lemma cybe_support:
  assumes fin: "finite (vsupp r)"
    and noI0: "\<And>a b. (a,b) \<in> vsupp r \<Longrightarrow> a \<noteq> II 0"
  shows "finite (vsupp (cybe r))"
    and "\<And>p q s. (p,q,s) \<in> vsupp (cybe r) \<Longrightarrow> p \<noteq> II 0"
proof -
  define B where "B = fst ` vsupp r \<union> snd ` vsupp r"
  define P where "P = B \<union> case_prod bres ` (B \<times> B)"
  have in_P: "p \<in> P \<and> q \<in> P \<and> s \<in> P \<and> p \<noteq> II 0"
    if "(p,q,s) \<in> vsupp (cybe r)" for p q s
  proof -
    have "cybe r (p,q,s) \<noteq> 0" using that by (simp add: vsupp_def)
    then obtain a b a' b' where w: "(a,b) \<in> vsupp r" "(a',b') \<in> vsupp r"
      and cases: "(brb a a' p \<noteq> 0 \<and> q = b \<and> s = b') \<or> (p = a \<and> brb b a' q \<noteq> 0 \<and> s = b')
        \<or> (p = a \<and> q = a' \<and> brb b b' s \<noteq> 0)"
      using cybe_nonzero_witness by blast
    have B: "a \<in> B" "b \<in> B" "a' \<in> B" "b' \<in> B"
      using w unfolding B_def by force+
    from cases show ?thesis
    proof (elim disjE conjE)
      assume "brb a a' p \<noteq> 0" "q = b" "s = b'"
      thus ?thesis using brb_nonzero_result[of a a' p] B by (auto simp: P_def)
    next
      assume "p = a" "brb b a' q \<noteq> 0" "s = b'"
      thus ?thesis using brb_nonzero_result[of b a' q] B noI0[OF w(1)] by (auto simp: P_def)
    next
      assume "p = a" "q = a'" "brb b b' s \<noteq> 0"
      thus ?thesis using brb_nonzero_result[of b b' s] B noI0[OF w(1)] by (auto simp: P_def)
    qed
  qed
  have "vsupp (cybe r) \<subseteq> P \<times> P \<times> P"
  proof
    fix x assume "x \<in> vsupp (cybe r)"
    then show "x \<in> P \<times> P \<times> P" using in_P by (cases x) blast
  qed
  moreover have "finite P" using fin by (simp add: P_def B_def)
  ultimately show "finite (vsupp (cybe r))" by (simp add: finite_subset)
  show "\<And>p q s. (p,q,s) \<in> vsupp (cybe r) \<Longrightarrow> p \<noteq> II 0" using in_P by blast
qed

lemma im_one_minus_tau_tensor2:
  assumes "r \<in> im_one_minus_tau G"
  shows "is_tensor2 G r"
proof -
  obtain t where t: "is_tensor2 G t" and rt: "r = (\<lambda>p. t p - tau t p)"
    using assms by (auto simp: im_one_minus_tau_def)
  have sub: "vsupp r \<subseteq> vsupp t \<union> prod.swap ` vsupp t"
  proof
    fix p assume "p \<in> vsupp r"
    then obtain a b where p: "p = (a,b)" and "t (a,b) \<noteq> 0 \<or> t (b,a) \<noteq> 0"
      by (cases p) (fastforce simp: vsupp_def rt tau_def)
    thus "p \<in> vsupp t \<union> prod.swap ` vsupp t"
      by (auto simp: vsupp_def image_iff)
  qed
  have "finite (vsupp r)"
    using t sub by (auto simp: is_tensor2_def intro: finite_subset)
  moreover have "valid_basis G a \<and> valid_basis G b" if "(a,b) \<in> vsupp r" for a b
  proof -
    have "(a,b) \<in> vsupp t \<or> (b,a) \<in> vsupp t" using sub that by auto
    thus ?thesis using t by (auto simp: is_tensor2_def)
  qed
  ultimately show ?thesis by (auto simp: is_tensor2_def)
qed

lemma act3_zero: "act3 x (\<lambda>_. 0) = (\<lambda>_. 0)"
  by (simp add: act3_def vsupp_def fun_eq_iff split: prod.splits)

lemma unitL_is_elem:
  assumes "add_subgroup_with_Z G" and "m \<in> \<int>"
  shows "is_elem G (unitL m)"
proof -
  have "m \<in> G" using assms unfolding add_subgroup_with_Z_def by blast
  thus ?thesis by (simp add: is_elem_def vsupp_unitL valid_basis_def)
qed

lemma infinite_Ints: "infinite (\<int> :: 'a::ring_char_0 set)"
proof -
  have "inj (of_int :: int \<Rightarrow> 'a)" by (rule injI) simp
  thus ?thesis unfolding Ints_def using finite_imageD infinite_UNIV_int by blast
qed

theorem theorem3p1:
  fixes G :: "'a::field_char_0 set"
    and r :: "'a hvb \<times> 'a hvb \<Rightarrow> 'a"
  assumes "add_subgroup_with_Z G"
    and "r \<in> im_one_minus_tau G"
  shows "cybe r = (\<lambda>_. 0) \<longleftrightarrow> (\<forall>x. is_elem G x \<longrightarrow> act3 x (cybe r) = (\<lambda>_. 0))"
proof
  assume "cybe r = (\<lambda>_. 0)"
  then show "\<forall>x. is_elem G x \<longrightarrow> act3 x (cybe r) = (\<lambda>_. 0)" by (simp add: act3_zero)
next
  assume invariant: "\<forall>x. is_elem G x \<longrightarrow> act3 x (cybe r) = (\<lambda>_. 0)"
  have r: "is_tensor2 G r" using assms(2) by (rule im_one_minus_tau_tensor2)
  have fin: "finite (vsupp r)"
    using r by (simp add: is_tensor2_def)
  have noI0: "a \<noteq> II 0" if "(a,b) \<in> vsupp r" for a b
    using r that by (auto simp: is_tensor2_def valid_basis_def)
  have cybe_fin: "finite (vsupp (cybe r))"
    and cybe_noI0: "\<And>p q s. (p,q,s) \<in> vsupp (cybe r) \<Longrightarrow> p \<noteq> II 0"
    using cybe_support[OF fin] noI0 by blast+
  show "cybe r = (\<lambda>_. 0)"
  proof (rule invariant_tensor3_zero[OF cybe_fin infinite_Ints cybe_noI0])
    show "\<And>m. m \<in> \<int> \<Longrightarrow> act3 (unitL m) (cybe r) = (\<lambda>_. 0)"
      using invariant unitL_is_elem[OF assms(1)] by blast
  qed
qed

end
________________________________________
● **WHAT YOU HAVE TO DO**:
Every entry, from first to last, should be written out exactly.

● **SOLUTION**:
lemma cybe_support:
  assumes fin: "finite (vsupp r)"
    and noI0: "\<And>a b. (a,b) \<in> vsupp r \<Longrightarrow> a \<noteq> II 0"
  shows "finite (vsupp (cybe r))"
    and "\<And>p q s. (p,q,s) \<in> vsupp (cybe r) \<Longrightarrow> p \<noteq> II 0"
proof -
  define B where "B = fst ` vsupp r \<union> snd ` vsupp r"
  define P where "P = B \<union> case_prod bres ` (B \<times> B)"
  have in_P: "p \<in> P \<and> q \<in> P \<and> s \<in> P \<and> p \<noteq> II 0"
    if "(p,q,s) \<in> vsupp (cybe r)" for p q s
  proof -
    have "cybe r (p,q,s) \<noteq> 0" using that by (simp add: vsupp_def)
    then obtain a b a' b' where w: "(a,b) \<in> vsupp r" "(a',b') \<in> vsupp r"
      and cases: "(brb a a' p \<noteq> 0 \<and> q = b \<and> s = b') \<or> (p = a \<and> brb b a' q \<noteq> 0 \<and> s = b')
        \<or> (p = a \<and> q = a' \<and> brb b b' s \<noteq> 0)"
      using cybe_nonzero_witness by blast
    have B: "a \<in> B" "b \<in> B" "a' \<in> B" "b' \<in> B"
      using w unfolding B_def by force+
    from cases show ?thesis
    proof (elim disjE conjE)
      assume "brb a a' p \<noteq> 0" "q = b" "s = b'"
      thus ?thesis using brb_nonzero_result[of a a' p] B by (auto simp: P_def)
    next
      assume "p = a" "brb b a' q \<noteq> 0" "s = b'"
      thus ?thesis using brb_nonzero_result[of b a' q] B noI0[OF w(1)] by (auto simp: P_def)
    next
      assume "p = a" "q = a'" "brb b b' s \<noteq> 0"
      thus ?thesis using brb_nonzero_result[of b b' s] B noI0[OF w(1)] by (auto simp: P_def)
    qed
  qed
  have "vsupp (cybe r) \<subseteq> P \<times> P \<times> P"
  proof
    fix x assume "x \<in> vsupp (cybe r)"
    then show "x \<in> P \<times> P \<times> P" using in_P by (cases x) blast
  qed
  moreover have "finite P" using fin by (simp add: P_def B_def)
  ultimately show "finite (vsupp (cybe r))" by (simp add: finite_subset)
  show "\<And>p q s. (p,q,s) \<in> vsupp (cybe r) \<Longrightarrow> p \<noteq> II 0" using in_P by blast
qed

lemma im_one_minus_tau_tensor2:
  assumes "r \<in> im_one_minus_tau G"
  shows "is_tensor2 G r"
proof -
  obtain t where t: "is_tensor2 G t" and rt: "r = (\<lambda>p. t p - tau t p)"
    using assms by (auto simp: im_one_minus_tau_def)
  have sub: "vsupp r \<subseteq> vsupp t \<union> prod.swap ` vsupp t"
  proof
    fix p assume "p \<in> vsupp r"
    then obtain a b where p: "p = (a,b)" and "t (a,b) \<noteq> 0 \<or> t (b,a) \<noteq> 0"
      by (cases p) (fastforce simp: vsupp_def rt tau_def)
    thus "p \<in> vsupp t \<union> prod.swap ` vsupp t"
      by (auto simp: vsupp_def image_iff)
  qed
  have "finite (vsupp r)"
    using t sub by (auto simp: is_tensor2_def intro: finite_subset)
  moreover have "valid_basis G a \<and> valid_basis G b" if "(a,b) \<in> vsupp r" for a b
  proof -
    have "(a,b) \<in> vsupp t \<or> (b,a) \<in> vsupp t" using sub that by auto
    thus ?thesis using t by (auto simp: is_tensor2_def)
  qed
  ultimately show ?thesis by (auto simp: is_tensor2_def)
qed

lemma act3_zero: "act3 x (\<lambda>_. 0) = (\<lambda>_. 0)"
  by (simp add: act3_def vsupp_def fun_eq_iff split: prod.splits)

lemma unitL_is_elem:
  assumes "add_subgroup_with_Z G" and "m \<in> \<int>"
  shows "is_elem G (unitL m)"
proof -
  have "m \<in> G" using assms unfolding add_subgroup_with_Z_def by blast
  thus ?thesis by (simp add: is_elem_def vsupp_unitL valid_basis_def)
qed

lemma infinite_Ints: "infinite (\<int> :: 'a::ring_char_0 set)"
proof -
  have "inj (of_int :: int \<Rightarrow> 'a)" by (rule injI) simp
  thus ?thesis unfolding Ints_def using finite_imageD infinite_UNIV_int by blast
qed

theorem theorem3p1:
  fixes G :: "'a::field_char_0 set"
    and r :: "'a hvb \<times> 'a hvb \<Rightarrow> 'a"
  assumes "add_subgroup_with_Z G"
    and "r \<in> im_one_minus_tau G"
  shows "cybe r = (\<lambda>_. 0) \<longleftrightarrow> (\<forall>x. is_elem G x \<longrightarrow> act3 x (cybe r) = (\<lambda>_. 0))"
proof
  assume "cybe r = (\<lambda>_. 0)"
  then show "\<forall>x. is_elem G x \<longrightarrow> act3 x (cybe r) = (\<lambda>_. 0)" by (simp add: act3_zero)
next
  assume invariant: "\<forall>x. is_elem G x \<longrightarrow> act3 x (cybe r) = (\<lambda>_. 0)"
  have r: "is_tensor2 G r" using assms(2) by (rule im_one_minus_tau_tensor2)
  have fin: "finite (vsupp r)"
    using r by (simp add: is_tensor2_def)
  have noI0: "a \<noteq> II 0" if "(a,b) \<in> vsupp r" for a b
    using r that by (auto simp: is_tensor2_def valid_basis_def)
  have cybe_fin: "finite (vsupp (cybe r))"
    and cybe_noI0: "\<And>p q s. (p,q,s) \<in> vsupp (cybe r) \<Longrightarrow> p \<noteq> II 0"
    using cybe_support[OF fin] noI0 by blast+
  show "cybe r = (\<lambda>_. 0)"
  proof (rule invariant_tensor3_zero[OF cybe_fin infinite_Ints cybe_noI0])
    show "\<And>m. m \<in> \<int> \<Longrightarrow> act3 (unitL m) (cybe r) = (\<lambda>_. 0)"
      using invariant unitL_is_elem[OF assms(1)] by blast
  qed
qed

end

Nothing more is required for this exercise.